While the duration may very well remain an uncertainty, the fundamentals certainly do not appear to warrant the reaction thus far. The question would be whether the cloud of negative sentiment could prolong to a degree that would tip the market over.
The triggers
The past few months had seen the US and key trading partners engage in various instances of trade disputes that only appears to be heating up of late. Of particular interest had been the trade skirmish between the US and China that had certainly been occupying headlines. Since the mid-June announcement from the Trump administration on the two-tranche implementation of a 25% tariff on a total of $50 billion worth of Chinese imports, we have seen Asian markets react rather unfavourably. The first tranche will be due on 6 July, likely to heat things up upon materialisation. Notably, things had also further taken a negative turn into late June with President Donald Trump threatening an additional 10% tariff on $200 billion worth of Chinese goods should the US be met with retaliation, rupturing market confidence across the globe.
While investors had long been accustomed to President Donald Trump’s Art of the Deal stylised negotiations, the recent spate of threats have seemingly taken a menacing turn, garnering the market’s attention. The uncertainty over the duration and the credibility of the threat had been the twin engines, wearing out equity markets. Even up till the point when we are penning this, the market is a sitting duck waiting for any potential announcement from the US on restricting investments, particularly from China, which could carry the US-China trade skirmish further along.
Over and above the overarching theme of geopolitical concerns, there certainly contains regional factors undermining the markets. Compared to the acceleration in growth momentum in the same time last year, Asia’s giant, China, have evidently seen its economic indicators slowing their pace. China’s stock markets have plunged into bear market territory into late June, the CSI 300 crumbling more than 20% from its January peak. Meanwhile, constrained by deleveraging efforts itself, the access to further ease monetary policy appears to be restricted. For China’s neighbours, particularly open economies such as that of South Korea and Singapore, it had not been a pretty picture as well as prices plunges past key moving averages.
Waiting for the clouds to clear
Amid the uncertainty and the volatility that had become commonplace in recent sessions, the only panacea may simply be time, as the markets continue to wait out the trade storm. In trading the markets, the bearish trends for many Asian indices appear to have yet been fully exhausted. Chinese President Xi Jinping was reportedly holding a similar hard stance in recent rhetoric to officials and chief executives, spelling potential further room to fall for markets.

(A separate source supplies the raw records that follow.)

lemma continuous_on_sv_sum: "continuous_on UNIV sv_sum"
proof -
  have "continuous_on (cball 0 R) sv_sum" for R
  proof (rule continuous_from_closed_graph[of "{0..2*R}"])
    show "sv_sum \<in> cball 0 R \<rightarrow> {0..2*R}"
    proof
      fix A :: mat3 assume "A \<in> cball 0 R"
      then show "sv_sum A \<in> {0..2*R}" using sv_sum_bounds[of A] by simp
    qed
  qed (simp_all add: closed_graph_sv_sum)
  then have "isCont sv_sum A" for A
    by (rule continuous_on_interior[of "cball 0 (norm A + 1)"]) (simp add: interior_cball)
  then show ?thesis by (simp add: continuous_at_imp_continuous_on)
qed

lemma continuous_on_Gfun: "continuous_on UNIV (Gfun lam)"
proof -
  have "Gfun lam A = (sv_sum A^2 - norm A^2)/2 - lam * sv_sum A - (trace (cof A) - lam * trace A)" for A
    using sing_vals_esym_relations(1)[OF sing_vals_valid[of A]]
    by (simp add: Gfun_eq_esym[OF sing_vals_valid] sv_sum_def algebra_simps)
  moreover have "continuous_on UNIV (\<lambda>A. (sv_sum A^2 - norm A^2)/2 - lam * sv_sum A - (trace (cof A) - lam * trace A))"
    unfolding trace_def by (intro continuous_intros continuous_on_sv_sum continuous_on_cof) auto
  ultimately show ?thesis by simp
qed

section \<open>The suprema \<open>M2\<close> and \<open>M3\<close>\<close>

definition witness :: "real \<Rightarrow> real \<Rightarrow> mat3" where
  "witness lam e = vector [vector [lam, e, 0], vector [0, lam, 0], vector [0, 0, lam + e]]"

lemma witness_entries:
  "witness lam e $1$1 = lam" "witness lam e $1$2 = e" "witness lam e $1$3 = 0"
  "witness lam e $2$1 = 0" "witness lam e $2$2 = lam" "witness lam e $2$3 = 0"
  "witness lam e $3$1 = 0" "witness lam e $3$2 = 0" "witness lam e $3$3 = lam + e"
  unfolding witness_def by simp_all

lemma norm_witness_dev: "norm (witness lam e - lam *\<^sub>R mat 1) = sqrt 2 * \<bar>e\<bar>"
proof -
  have "norm (witness lam e - lam *\<^sub>R mat 1)^2 = (sqrt 2 * \<bar>e\<bar>)^2"
    unfolding norm_mat3_sq by (simp add: witness_entries mat_def power_mult_distrib)
  then show ?thesis by (simp add: power2_eq_iff_nonneg)
qed

lemma Gfun_witness:
  assumes lam: "0 \<le> lam" and e: "0 \<le> e"
  shows "Gfun lam (witness lam e) = e * (sqrt (4*lam^2 + e^2) - 2*lam)"
proof -
  define S where "S = sqrt (4*lam^2 + e^2)"
  have SS: "S^2 = 4*lam^2 + e^2" unfolding S_def by simp
  have Se: "e \<le> S" unfolding S_def by (rule real_le_rsqrt) simp
  define a b where "a = (S + e)/2" and "b = (S - e)/2"
  have ab: "a + b = S" "a - b = e" unfolding a_def b_def by (simp_all add: field_simps)
  have abl: "a * b = lam^2"
  proof -
    have "4*(a*b) = (a+b)^2 - (a-b)^2" by algebra
    then show ?thesis unfolding ab using SS by simp
  qed
  have a2b2: "a^2 + b^2 = 2*lam^2 + e^2"
  proof -
    have "2*(a^2 + b^2) = (a+b)^2 + (a-b)^2" by algebra
    then show ?thesis unfolding ab using SS by simp
  qed
  define s :: "real^3" where "s = vector [a, b, lam + e]"
  have s: "is_sing_vals (witness lam e) s"
    unfolding is_sing_vals_iff
  proof (intro conjI allI)
    fix i show "0 \<le> s$i" using exhaust_3[of i] Se e lam unfolding s_def a_def b_def by auto
  next
    fix x
    show "x^3 - norm (witness lam e)^2 * x^2 + norm (cof (witness lam e))^2 * x - det (witness lam e)^2
       = (x - (s$1)^2) * (x - (s$2)^2) * (x - (s$3)^2)"
      unfolding norm_mat3_sq det_3 cof_mat3 witness_entries s_def using abl a2b2 by simp algebra
  qed
  show ?thesis
    unfolding Gfun_eq_esym[OF s] trace_mat3 cof_mat3 witness_entries esym1_def esym2_def s_def S_def[symmetric]
    using abl by (simp add: ab(1)[symmetric] algebra_simps power2_eq_square)
qed

lemma Gfun_witness_pos:
  assumes lam: "0 < lam" and e: "0 < e"
  shows "0 < Gfun lam (witness lam e)"
proof -
  have "sqrt (4*lam^2) < sqrt (4*lam^2 + e^2)" using e by simp
  moreover have "sqrt (4*lam^2) = 2*lam" using lam by (simp add: real_sqrt_mult)
  ultimately show ?thesis using lam e by (simp add: Gfun_witness)
qed

definition dev :: "real \<Rightarrow> mat3 \<Rightarrow> real" where
  "dev lam A = norm (A - lam *\<^sub>R mat 1)"

definition G_ratio :: "nat \<Rightarrow> real \<Rightarrow> mat3 \<Rightarrow> real" where
  "G_ratio k lam A = \<bar>Gfun lam A\<bar> / dev lam A ^ k"

lemma M2_eq: "M2 lam c = (SUP A\<in>{A. c \<le> dev lam A}. G_ratio 2 lam A)"
  by (simp add: M2_def G_ratio_def dev_def)

lemma M3_eq: "M3 lam c = (SUP A\<in>{A. 0 < dev lam A \<and> dev lam A < c}. G_ratio 3 lam A)"
  by (simp add: M3_def G_ratio_def dev_def)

That being said, one look at fundamentals suggests that we have yet to see significant material changes to the growth outlook even if economists widely expect a slowdown in growth to take place for Asian markets into the second half of the year. The fear would be the derailment of this growth from the wearing out of consumer and business confidence over the US-China trade war among others. Do watch for the duration in which the current trade tension could last with any clearance of the air which could likely bring about a recovery that will be worth riding.